Coffee dipped, pressured by a stronger dollar, with dealers expressing concerns over the quality of the new arabica crop in top grower Brazil.

The plunging pound supported London cocoa prices as it made it cheaper for holders of non-UK currencies to buy sterling-based cocoa futures positions.

New York cocoa, in turn, fell as the two markets adjusted to each other.

“The weakening pound, making sterling cheaper in foreign currency terms, is lifting London cocoa,” one broker said.

“Sell New York, buy London: you are seeing a natural adjustment going on between the two markets through arbitrage. Fundamentals are very much secondary at this point.”

British 10-year government borrowing costs dropped below 1 percent on Monday for the first time ever and sterling tumbled to a fresh 31-year low against the dollar as investors bet Britain’s vote to leave the EU on June 23 will trigger a Bank of England rate cut.

London September cocoa was up 38 pounds, or 1.6 percent, at 2,363 pounds per tonne at 1307 GMT, a contract high and the highest for the second position since March 2011.

New York September cocoa was down $28, or 0.9 percent, at $2,995 per tonne.

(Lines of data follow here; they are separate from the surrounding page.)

(* Let $Y=(Y(t))_{0\leq t\leq 1}$ be a Yule-Simon process with parameter $\rho>0$. (i) If $\rho>1$, then $\mathbb{E}[Y(t)]=\frac{\rho}{\rho-1}\,t$ for every $t\in[0,1]$. (ii) If $\rho>2$, then for every $0< s\leq t\leq 1$, $$\mathbb{E}[Y(t)Y(s)]=\frac{\rho^2}{(\rho-1)(\rho-2)}\, s\left(\frac{t}{s}\right)^{1/\rho}.$$
   Context: A Yule-Simon process with parameter $\rho>0$ is an integer-valued process $Y=(Y(t))_{0\leq t\leq 1}$ which is a time-inhomogeneous pure birth (counting) process started from $Y(0)=0$ a.s., with time-dependent birth rates $\lambda_k(t)=\lim_{h\to0+}h^{-1}\mathbb{P}(Y(t+h)=k+1\mid Y(t)=k)$ for $0\le t<1$, $k\in\mathbb{N}$, given by $\lambda_0(t)=1/(1-t)$ and $\lambda_k(t)=k/(\rho t)$ for $k\geq 1$. *)

theory Defs
  imports "HOL-Probability.Probability"
begin

definition cond_prob :: "'a measure \<Rightarrow> 'a set \<Rightarrow> 'a set \<Rightarrow> real" where
  "cond_prob M A B = measure M (A \<inter> B) / measure M B"

definition yule_simon_rate :: "real \<Rightarrow> nat \<Rightarrow> real \<Rightarrow> real" where
  "yule_simon_rate \<rho> k t = (if k = 0 then 1 / (1 - t) else real k / (\<rho> * t))"

text \<open>A (time-inhomogeneous) pure birth counting process on the time interval [0,1]
  with birth rates lam k t, started at 0: a stochastically continuous Markov process with
  values in the naturals, nondecreasing, with
  P(Y(t+h) = k+1 | Y(t) = k) = lam k t h + o(h) and P(Y(t+h) = k | Y(t) = k) = 1 - lam k t h + o(h).\<close>
definition pure_birth_process ::
  "'a measure \<Rightarrow> (real \<Rightarrow> 'a \<Rightarrow> nat) \<Rightarrow> (nat \<Rightarrow> real \<Rightarrow> real) \<Rightarrow> bool" where
  "pure_birth_process M Y lam \<longleftrightarrow>
     prob_space M \<and>
     (\<forall>t\<in>{0..1}. Y t \<in> measurable M (count_space UNIV)) \<and>
     (AE \<omega> in M. Y 0 \<omega> = 0) \<and>
     (\<forall>s t. 0 \<le> s \<and> s \<le> t \<and> t \<le> 1 \<longrightarrow> (AE \<omega> in M. Y s \<omega> \<le> Y t \<omega>)) \<and>
     (\<forall>t\<in>{0..1}. ((\<lambda>u. measure M {\<omega>\<in>space M. Y u \<omega> \<noteq> Y t \<omega>}) \<longlongrightarrow> 0) (at t within {0..1})) \<and>
     (\<forall>(n::nat) (s::nat \<Rightarrow> real) (j::nat \<Rightarrow> nat) t k.
        0 \<le> s 0 \<and> (\<forall>i<n. s i < s (Suc i)) \<and> s n < t \<and> t \<le> 1 \<and>
        measure M {\<omega>\<in>space M. \<forall>i\<le>n. Y (s i) \<omega> = j i} > 0 \<longrightarrow>
        cond_prob M {\<omega>\<in>space M. Y t \<omega> = k} {\<omega>\<in>space M. \<forall>i\<le>n. Y (s i) \<omega> = j i}
          = cond_prob M {\<omega>\<in>space M. Y t \<omega> = k} {\<omega>\<in>space M. Y (s n) \<omega> = j n}) \<and>
     (\<forall>t k. 0 \<le> t \<and> t < 1 \<and> measure M {\<omega>\<in>space M. Y t \<omega> = k} > 0 \<longrightarrow>
        ((\<lambda>h. cond_prob M {\<omega>\<in>space M. Y (t + h) \<omega> = Suc k} {\<omega>\<in>space M. Y t \<omega> = k} / h)
           \<longlongrightarrow> lam k t) (at_right 0) \<and>
        ((\<lambda>h. (1 - cond_prob M {\<omega>\<in>space M. Y (t + h) \<omega> = k} {\<omega>\<in>space M. Y t \<omega> = k}) / h)
           \<longlongrightarrow> lam k t) (at_right 0))"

Raw sugar futures rose on technically driven buying, but dealers warned of risks of a selloff after the latest US Commitments of Traders report on Friday revealed the extension of a net long position held by speculators to a new record.

“The market is overextended to the long side by historic comparisons,” said James Kirkup, head of sugar at ABN AMRO Markets.

“We are seeing consolidation after the recent move to 20 cents per lb.”

Nick Penney, a senior trader with Sucden Finnancial Sugar, said, “The speculative community is comfortable being long and the pressure is still very much on the shorts as the long expected setback fails to materialise.”

October raw sugar was up 0.24 cent, or 1.25 percent, at 19.40 cents per lb.

August white sugar was up $3.30, or 0.6 percent, at $535.20 per tonne.

September arabica was down 0.25 cents, or 0.2 percent, at $1.3690 per lb.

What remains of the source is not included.